- Records for the exercise
(* Let $m\in\mathbb{N}$, $\varepsilon>0$ and $1<q<p$. Let $u$ be a nonnegative locally integrable function and $v\in\mathrm{RH}_\infty\cap A_q$. Then there is $C>0$ such that \[ M_{\Phi_m^\varepsilon}\left(uv^{1-p'}\right)(x)\le C\,M_{\Phi_m^\varepsilon,\,v^{1-q'}}u(x)\,v(x)^{-p'}\,\Psi(v(x)) \] for almost every $x\in\mathbb{R}^n$.
   Context: $w\in A_q$ iff $\sup_Q(\frac1{|Q|}\int_Qw)(\frac1{|Q|}\int_Qw^{1-q'})^{q-1}<\infty$ (cubes with sides parallel to the axes); $w\in\mathrm{RH}_\infty$ iff $\sup_Qw\le\frac C{|Q|}\int_Qw$ for all cubes. $\Phi_m^\varepsilon(\lambda)=\lambda(1+\log^+\lambda)^{m+\varepsilon}$. $\Psi(\lambda)=\lambda^{p'+1-q'}\mathcal{X}_{[0,1)}(\lambda)+\lambda^{p'}\mathcal{X}_{[1,\infty)}(\lambda)$. For a Young function $\varphi$ and weight $w$: $\|f\|_{\varphi,Q,w}=\inf\{\lambda>0:\frac1{w(Q)}\int_Q\varphi(|f|/\lambda)w\le1\}$, $M_{\varphi,w}f(x)=\sup_{Q\ni x}\|f\|_{\varphi,Q,w}$, and $M_\varphi=M_{\varphi,1}$. *)

theory Defs
  imports "HOL-Analysis.Analysis"
begin

text \<open>Cubes in R^n with sides parallel to the axes (closed; boundaries are null sets).\<close>
definition is_cube :: "'a::euclidean_space set \<Rightarrow> bool" where
  "is_cube Q \<longleftrightarrow> (\<exists>a b s. s > 0 \<and> (\<forall>i\<in>Basis. b \<bullet> i = a \<bullet> i + s) \<and> Q = cbox a b)"

definition conj_exp :: "real \<Rightarrow> real" where
  "conj_exp q = q / (q - 1)"

definition locally_integrable :: "('a::euclidean_space \<Rightarrow> real) \<Rightarrow> bool" where
  "locally_integrable f \<longleftrightarrow> f \<in> borel_measurable lebesgue \<and>
     (\<forall>K. compact K \<longrightarrow> set_integrable lebesgue K f)"

definition weight :: "('a::euclidean_space \<Rightarrow> real) \<Rightarrow> bool" where
  "weight w \<longleftrightarrow> locally_integrable w \<and> (AE x in lebesgue. 0 < w x)"

definition cube_avg :: "('a::euclidean_space \<Rightarrow> real) \<Rightarrow> 'a set \<Rightarrow> real" where
  "cube_avg f Q = (1 / measure lebesgue Q) * (LINT x:Q|lebesgue. f x)"

text \<open>Muckenhoupt class A_q (the finiteness of the supremum includes integrability
  of w^(1-q') over cubes).\<close>
definition A_class :: "real \<Rightarrow> ('a::euclidean_space \<Rightarrow> real) \<Rightarrow> bool" where
  "A_class q w \<longleftrightarrow> weight w \<and>
     (\<forall>Q. is_cube Q \<longrightarrow> set_integrable lebesgue Q (\<lambda>x. w x powr (1 - conj_exp q))) \<and>
     (\<exists>C. \<forall>Q. is_cube Q \<longrightarrow>
        cube_avg w Q * (cube_avg (\<lambda>x. w x powr (1 - conj_exp q)) Q) powr (q - 1) \<le> C)"

text \<open>Reverse Hoelder class RH_infinity (sup understood as essential sup on Q).\<close>
definition RH_inf :: "('a::euclidean_space \<Rightarrow> real) \<Rightarrow> bool" where
  "RH_inf w \<longleftrightarrow> weight w \<and>
     (\<exists>C. \<forall>Q. is_cube Q \<longrightarrow> (AE x in lebesgue. x \<in> Q \<longrightarrow> w x \<le> C * cube_avg w Q))"

definition log_plus :: "real \<Rightarrow> real" where
  "log_plus t = max 0 (ln t)"

definition Phi :: "nat \<Rightarrow> real \<Rightarrow> real \<Rightarrow> real" where
  "Phi m \<epsilon> t = t * (1 + log_plus t) powr (real m + \<epsilon>)"

definition Psi :: "real \<Rightarrow> real \<Rightarrow> real \<Rightarrow> real" where
  "Psi p q t = (if t < 1 then t powr (conj_exp p + 1 - conj_exp q) else t powr (conj_exp p))"

text \<open>Weighted Luxemburg norm ||f||_{phi,Q,w}, valued in [0,\<infinity>] (Inf {} = \<infinity>).\<close>
definition lux_norm :: "(real \<Rightarrow> real) \<Rightarrow> ('a::euclidean_space \<Rightarrow> real) \<Rightarrow> 'a set
     \<Rightarrow> ('a \<Rightarrow> real) \<Rightarrow> ennreal" where
  "lux_norm \<phi> w Q f = Inf (ennreal ` {r::real. r > 0 \<and>
      (\<integral>\<^sup>+ x. ennreal (\<phi> (\<bar>f x\<bar> / r) * w x) * indicator Q x \<partial>lebesgue)
        / (\<integral>\<^sup>+ x. ennreal (w x) * indicator Q x \<partial>lebesgue) \<le> 1})"

text \<open>Weighted Orlicz maximal function M_{phi,w}; M_phi = M_{phi,1}.\<close>
definition orlicz_max :: "(real \<Rightarrow> real) \<Rightarrow> ('a::euclidean_space \<Rightarrow> real) \<Rightarrow> ('a \<Rightarrow> real)
     \<Rightarrow> 'a \<Rightarrow> ennreal" where
  "orlicz_max \<phi> w f x = (SUP Q\<in>{Q. is_cube Q \<and> x \<in> Q}. lux_norm \<phi> w Q f)"

end

theory Submission
  imports Defs
begin

text \<open>Write \<open>\<alpha> = p' - 1 < \<beta> = q' - 1\<close>. On a cube \<open>Q\<close> with \<open>A = avg\<^sub>Q v\<close>,
  \<open>RH\<^sub>\<infinity>\<close> gives \<open>v \<le> C A\<close> on \<open>Q\<close>, and \<open>A\<^sub>q\<close> gives \<open>avg\<^sub>Q v\<^sup>-\<^sup>\<beta> \<lesssim> A\<^sup>-\<^sup>\<beta>\<close>.
  Since \<open>\<Phi>\<close> is submultiplicative and \<open>\<Phi>(a\<^sup>-\<^sup>\<alpha>/c) \<lesssim> a\<^sup>-\<^sup>\<beta>\<close> for \<open>a \<le> C\<close> (the logarithmic
  factor is absorbed by the gap \<open>\<beta> - \<alpha>\<close>), the \<open>\<Phi>\<close>-modular of \<open>u v\<^sup>-\<^sup>\<alpha> / (c A\<^sup>-\<^sup>\<alpha> r)\<close>
  on \<open>Q\<close> is dominated by the \<open>v\<^sup>-\<^sup>\<beta>\<close>-weighted modular of \<open>u/r\<close>, whence
  \<open>\<parallel>u v\<^sup>-\<^sup>\<alpha>\<parallel>\<^sub>\<Phi>\<^sub>,\<^sub>Q \<lesssim> A\<^sup>-\<^sup>\<alpha> \<parallel>u\<parallel>\<^sub>\<Phi>\<^sub>,\<^sub>Q\<^sub>,\<^sub>v\<^sub>-\<^sub>\<beta>\<close>. Finally, for almost every \<open>x\<close> one has
  \<open>v(x) \<lesssim> avg\<^sub>Q v\<close> for all cubes \<open>Q \<ni> x\<close> simultaneously, so \<open>A\<^sup>-\<^sup>\<alpha> \<lesssim> v(x)\<^sup>-\<^sup>\<alpha>\<close>, and
  \<open>v(x)\<^sup>-\<^sup>\<alpha> \<le> v(x)\<^sup>-\<^sup>p\<^sup>' \<Psi>(v(x))\<close>.\<close>

lemma is_cubeE:
  assumes "is_cube (Q::'a::euclidean_space set)"
  obtains a s where "0 < s" "Q = cbox a (a + s *\<^sub>R One)"
proof -
  from assms obtain a b s where s: "0 < s" "\<forall>i\<in>Basis. b \<bullet> i = a \<bullet> i + s" "Q = cbox a b"
    unfolding is_cube_def by blast
  have "b = a + s *\<^sub>R One"
    using s(2) by (auto simp: euclidean_eq_iff[where 'a='a] inner_simps)
  with s that show thesis by blast
qed

lemma is_cube_cbox_One: "0 < s \<Longrightarrow> is_cube (cbox a (a + s *\<^sub>R (One::'a::euclidean_space)))"
  unfolding is_cube_def by (force simp: inner_simps)

lemma measure_cbox_One:
  assumes "0 < s"
  shows "measure lebesgue (cbox a (a + s *\<^sub>R (One::'a::euclidean_space))) = s ^ DIM('a)"
  using assms by (simp add: content_cbox inner_simps)

lemma is_cube_lmeasurable: "is_cube Q \<Longrightarrow> Q \<in> lmeasurable"
  by (erule is_cubeE) simp

lemma is_cube_compact: "is_cube Q \<Longrightarrow> compact Q"
  by (erule is_cubeE) simp

lemma measure_cube_pos: "is_cube Q \<Longrightarrow> 0 < measure lebesgue Q"
  by (erule is_cubeE) (simp only: measure_cbox_One zero_less_power)

lemma set_integral_nonneg_AE:
  fixes v :: "'a \<Rightarrow> real"
  assumes "AE x in M. 0 \<le> v x"
  shows "0 \<le> (LINT x:Q|M. v x)"
  unfolding set_lebesgue_integral_def
  using assms by (intro integral_nonneg_AE) (auto simp: indicator_def)

lemma cube_avg_nonneg: "AE x in lebesgue. 0 \<le> v x \<Longrightarrow> 0 \<le> cube_avg v Q"
  by (simp add: cube_avg_def set_integral_nonneg_AE)

lemma weight_set_integrable_cube: "weight v \<Longrightarrow> is_cube Q \<Longrightarrow> set_integrable lebesgue Q v"
  by (simp add: weight_def locally_integrable_def is_cube_compact)

lemma cube_avg_pos:
  assumes v: "weight v" and Q: "is_cube Q"
  shows "0 < cube_avg v Q"
proof -
  have pos: "AE x in lebesgue. 0 < v x" using v by (simp add: weight_def)
  have int: "integrable lebesgue (\<lambda>x. indicator Q x *\<^sub>R v x)"
    using weight_set_integrable_cube[OF v Q] by (simp add: set_integrable_def)
  have "(LINT x:Q|lebesgue. v x) \<noteq> 0"
  proof
    assume "(LINT x:Q|lebesgue. v x) = 0"
    hence "AE x in lebesgue. indicator Q x *\<^sub>R v x = 0"
      using int pos unfolding set_lebesgue_integral_def
      by (subst (asm) integral_nonneg_eq_0_iff_AE) (auto elim!: eventually_mono simp: indicator_def)
    hence "AE x in lebesgue. x \<notin> Q"
      using pos by eventually_elim (auto simp: indicator_def)
    hence "emeasure lebesgue Q = 0"
      using is_cube_lmeasurable[OF Q] by (subst (asm) AE_iff_measurable[of Q]) auto
    with measure_cube_pos[OF Q] show False by (simp add: measure_def)
  qed
  moreover have "0 \<le> (LINT x:Q|lebesgue. v x)"
    using pos by (intro set_integral_nonneg_AE) (auto elim: eventually_mono)
  ultimately show ?thesis using measure_cube_pos[OF Q] by (simp add: cube_avg_def)
qed

lemma RH_infE:
  assumes "RH_inf v"
  obtains C where "1 \<le> C" "\<And>Q. is_cube Q \<Longrightarrow> AE x in lebesgue. x \<in> Q \<longrightarrow> v x \<le> C * cube_avg v Q"
proof -
  obtain C0 where C0: "\<And>Q. is_cube Q \<Longrightarrow> AE x in lebesgue. x \<in> Q \<longrightarrow> v x \<le> C0 * cube_avg v Q"
    using assms by (auto simp: RH_inf_def)
  have avg: "0 \<le> cube_avg v Q" for Q
    using assms by (intro cube_avg_nonneg) (auto simp: RH_inf_def weight_def elim: eventually_mono)
  show thesis
  proof (rule that[of "max C0 1"])
    fix Q :: "'a set" assume Q: "is_cube Q"
    have "C0 * cube_avg v Q \<le> max C0 1 * cube_avg v Q"
      using avg by (intro mult_right_mono) auto
    with C0[OF Q] show "AE x in lebesgue. x \<in> Q \<longrightarrow> v x \<le> max C0 1 * cube_avg v Q"
      by (auto elim!: eventually_mono)
  qed simp
qed

lemma conj_exp_minus_one: "1 < q \<Longrightarrow> conj_exp q - 1 = 1 / (q - 1)"
  by (simp add: conj_exp_def field_simps)

lemma conj_exp_gt_one: "1 < q \<Longrightarrow> 1 < conj_exp q"
  by (simp add: conj_exp_def)

lemma conj_exp_less:
  assumes "1 < q" "q < p"
  shows "conj_exp p < conj_exp q"
proof -
  have "1 / (p - 1) < 1 / (q - 1)"
    using assms by (intro divide_strict_left_mono) auto
  with assms show ?thesis using conj_exp_minus_one[of q] conj_exp_minus_one[of p] by simp
qed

- Work order
Copy each line above that contains the string "partial".

- Solved problem
      (\<integral>\<^sup>+ x. ennreal (\<phi> (\<bar>f x\<bar> / r) * w x) * indicator Q x \<partial>lebesgue)
        / (\<integral>\<^sup>+ x. ennreal (w x) * indicator Q x \<partial>lebesgue) \<le> 1})"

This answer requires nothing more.